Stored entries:

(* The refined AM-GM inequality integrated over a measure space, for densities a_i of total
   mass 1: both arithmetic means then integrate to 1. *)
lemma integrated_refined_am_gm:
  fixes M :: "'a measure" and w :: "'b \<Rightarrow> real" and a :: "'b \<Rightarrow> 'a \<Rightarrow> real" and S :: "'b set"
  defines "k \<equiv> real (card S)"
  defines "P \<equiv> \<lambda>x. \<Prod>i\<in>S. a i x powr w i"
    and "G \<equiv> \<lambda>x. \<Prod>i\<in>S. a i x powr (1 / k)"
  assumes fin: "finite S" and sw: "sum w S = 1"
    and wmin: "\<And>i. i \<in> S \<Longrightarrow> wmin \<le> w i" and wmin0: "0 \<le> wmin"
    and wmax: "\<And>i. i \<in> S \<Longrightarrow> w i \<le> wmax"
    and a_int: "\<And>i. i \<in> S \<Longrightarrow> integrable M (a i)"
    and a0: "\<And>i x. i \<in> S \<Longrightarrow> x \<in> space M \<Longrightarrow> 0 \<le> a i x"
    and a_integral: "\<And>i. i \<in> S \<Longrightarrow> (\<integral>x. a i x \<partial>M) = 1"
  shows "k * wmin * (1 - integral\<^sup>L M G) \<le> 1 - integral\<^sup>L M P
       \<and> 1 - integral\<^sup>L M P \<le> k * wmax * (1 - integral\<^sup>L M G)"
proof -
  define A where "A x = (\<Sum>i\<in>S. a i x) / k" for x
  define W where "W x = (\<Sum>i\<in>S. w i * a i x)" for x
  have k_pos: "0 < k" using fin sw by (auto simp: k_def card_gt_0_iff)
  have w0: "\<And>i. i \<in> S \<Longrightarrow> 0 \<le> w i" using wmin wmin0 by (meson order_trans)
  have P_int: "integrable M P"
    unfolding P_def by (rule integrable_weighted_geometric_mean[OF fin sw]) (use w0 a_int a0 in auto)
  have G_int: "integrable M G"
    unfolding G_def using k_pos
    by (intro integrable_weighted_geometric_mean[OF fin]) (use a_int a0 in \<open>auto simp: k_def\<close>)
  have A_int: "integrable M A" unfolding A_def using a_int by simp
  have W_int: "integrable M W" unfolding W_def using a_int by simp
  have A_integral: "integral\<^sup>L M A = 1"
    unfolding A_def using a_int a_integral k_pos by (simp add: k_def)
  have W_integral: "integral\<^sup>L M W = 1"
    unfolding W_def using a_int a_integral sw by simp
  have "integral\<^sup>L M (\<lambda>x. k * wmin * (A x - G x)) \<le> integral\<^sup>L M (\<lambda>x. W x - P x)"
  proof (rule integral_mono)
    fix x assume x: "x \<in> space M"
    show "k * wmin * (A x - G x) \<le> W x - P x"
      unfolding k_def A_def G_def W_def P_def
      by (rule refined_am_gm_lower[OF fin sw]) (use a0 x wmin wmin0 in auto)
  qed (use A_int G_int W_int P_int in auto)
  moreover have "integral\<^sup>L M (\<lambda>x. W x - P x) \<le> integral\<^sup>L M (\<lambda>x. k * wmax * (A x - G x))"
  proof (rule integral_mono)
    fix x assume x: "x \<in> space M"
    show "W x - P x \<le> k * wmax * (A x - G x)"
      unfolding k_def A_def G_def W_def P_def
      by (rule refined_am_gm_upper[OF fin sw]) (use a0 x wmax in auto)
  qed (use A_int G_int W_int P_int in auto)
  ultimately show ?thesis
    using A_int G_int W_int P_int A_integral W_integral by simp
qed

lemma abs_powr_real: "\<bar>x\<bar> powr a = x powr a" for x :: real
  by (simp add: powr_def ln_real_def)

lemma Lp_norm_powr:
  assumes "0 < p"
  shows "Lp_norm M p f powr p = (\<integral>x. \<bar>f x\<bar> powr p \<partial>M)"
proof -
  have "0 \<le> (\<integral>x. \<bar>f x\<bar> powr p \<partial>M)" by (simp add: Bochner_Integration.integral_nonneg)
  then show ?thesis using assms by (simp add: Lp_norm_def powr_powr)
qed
--
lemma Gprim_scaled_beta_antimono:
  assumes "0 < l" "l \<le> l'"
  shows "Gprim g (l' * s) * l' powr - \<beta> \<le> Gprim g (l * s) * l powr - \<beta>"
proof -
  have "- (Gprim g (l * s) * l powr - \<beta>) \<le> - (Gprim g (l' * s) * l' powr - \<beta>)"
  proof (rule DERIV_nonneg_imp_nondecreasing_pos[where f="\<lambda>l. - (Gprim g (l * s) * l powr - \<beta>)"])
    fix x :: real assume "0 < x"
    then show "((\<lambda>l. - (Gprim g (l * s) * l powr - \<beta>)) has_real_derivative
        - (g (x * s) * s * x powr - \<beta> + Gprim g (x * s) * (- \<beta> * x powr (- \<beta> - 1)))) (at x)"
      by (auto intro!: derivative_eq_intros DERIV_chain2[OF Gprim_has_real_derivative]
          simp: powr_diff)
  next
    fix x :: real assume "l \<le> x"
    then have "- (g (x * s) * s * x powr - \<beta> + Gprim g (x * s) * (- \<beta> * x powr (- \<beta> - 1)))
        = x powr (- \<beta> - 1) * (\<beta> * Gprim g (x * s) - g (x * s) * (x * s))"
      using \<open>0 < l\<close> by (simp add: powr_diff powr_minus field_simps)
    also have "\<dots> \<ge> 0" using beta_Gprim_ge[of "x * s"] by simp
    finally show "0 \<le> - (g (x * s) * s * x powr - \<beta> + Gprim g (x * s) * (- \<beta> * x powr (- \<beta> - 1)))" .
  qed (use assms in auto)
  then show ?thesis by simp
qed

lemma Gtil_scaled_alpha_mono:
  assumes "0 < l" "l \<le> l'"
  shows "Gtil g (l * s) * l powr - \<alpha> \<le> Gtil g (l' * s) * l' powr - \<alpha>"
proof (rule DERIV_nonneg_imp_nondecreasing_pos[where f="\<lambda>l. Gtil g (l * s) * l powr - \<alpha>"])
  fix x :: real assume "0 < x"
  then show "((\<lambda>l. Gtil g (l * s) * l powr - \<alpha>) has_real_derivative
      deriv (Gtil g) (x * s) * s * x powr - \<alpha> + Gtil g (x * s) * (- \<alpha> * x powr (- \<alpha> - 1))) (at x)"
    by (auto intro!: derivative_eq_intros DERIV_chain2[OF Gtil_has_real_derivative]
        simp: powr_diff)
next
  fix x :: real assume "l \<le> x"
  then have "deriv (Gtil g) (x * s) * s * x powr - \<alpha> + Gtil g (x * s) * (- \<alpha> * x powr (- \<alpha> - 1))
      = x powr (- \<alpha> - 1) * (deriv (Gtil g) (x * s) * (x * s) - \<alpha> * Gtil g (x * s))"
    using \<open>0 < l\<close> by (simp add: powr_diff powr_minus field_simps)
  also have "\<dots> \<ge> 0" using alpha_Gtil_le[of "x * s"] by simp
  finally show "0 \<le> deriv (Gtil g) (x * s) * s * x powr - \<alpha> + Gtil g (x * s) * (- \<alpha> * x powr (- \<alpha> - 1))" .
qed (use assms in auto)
==
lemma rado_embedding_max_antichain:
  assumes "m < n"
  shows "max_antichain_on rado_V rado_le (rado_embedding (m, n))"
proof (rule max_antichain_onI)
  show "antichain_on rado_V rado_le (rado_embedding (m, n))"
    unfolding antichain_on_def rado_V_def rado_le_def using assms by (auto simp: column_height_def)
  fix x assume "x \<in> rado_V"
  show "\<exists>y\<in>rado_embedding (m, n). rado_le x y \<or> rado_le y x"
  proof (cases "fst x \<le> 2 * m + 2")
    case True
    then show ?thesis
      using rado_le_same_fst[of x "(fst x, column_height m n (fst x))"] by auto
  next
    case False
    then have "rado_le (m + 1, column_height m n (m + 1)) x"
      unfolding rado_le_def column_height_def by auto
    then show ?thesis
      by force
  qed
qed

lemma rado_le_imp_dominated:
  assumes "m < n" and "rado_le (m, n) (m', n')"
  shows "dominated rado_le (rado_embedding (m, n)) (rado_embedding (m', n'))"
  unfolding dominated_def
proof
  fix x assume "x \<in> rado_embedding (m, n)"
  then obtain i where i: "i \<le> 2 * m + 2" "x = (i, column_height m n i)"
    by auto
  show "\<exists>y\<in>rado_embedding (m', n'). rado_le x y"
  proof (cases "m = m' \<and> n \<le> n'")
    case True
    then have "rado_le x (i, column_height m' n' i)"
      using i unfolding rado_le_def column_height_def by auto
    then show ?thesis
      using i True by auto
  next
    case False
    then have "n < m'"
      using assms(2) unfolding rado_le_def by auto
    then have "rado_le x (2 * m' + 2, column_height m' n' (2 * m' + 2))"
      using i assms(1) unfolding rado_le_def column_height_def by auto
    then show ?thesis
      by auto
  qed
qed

WHAT YOU NEED TO DO:
Please reproduce the lines from the line with "mass 1: both" to the line with "G) \<le> 1 - integral\<^sup>L M P", both ends included, exactly as they appear above.

REPLY:
   mass 1: both arithmetic means then integrate to 1. *)
lemma integrated_refined_am_gm:
  fixes M :: "'a measure" and w :: "'b \<Rightarrow> real" and a :: "'b \<Rightarrow> 'a \<Rightarrow> real" and S :: "'b set"
  defines "k \<equiv> real (card S)"
  defines "P \<equiv> \<lambda>x. \<Prod>i\<in>S. a i x powr w i"
    and "G \<equiv> \<lambda>x. \<Prod>i\<in>S. a i x powr (1 / k)"
  assumes fin: "finite S" and sw: "sum w S = 1"
    and wmin: "\<And>i. i \<in> S \<Longrightarrow> wmin \<le> w i" and wmin0: "0 \<le> wmin"
    and wmax: "\<And>i. i \<in> S \<Longrightarrow> w i \<le> wmax"
    and a_int: "\<And>i. i \<in> S \<Longrightarrow> integrable M (a i)"
    and a0: "\<And>i x. i \<in> S \<Longrightarrow> x \<in> space M \<Longrightarrow> 0 \<le> a i x"
    and a_integral: "\<And>i. i \<in> S \<Longrightarrow> (\<integral>x. a i x \<partial>M) = 1"
  shows "k * wmin * (1 - integral\<^sup>L M G) \<le> 1 - integral\<^sup>L M P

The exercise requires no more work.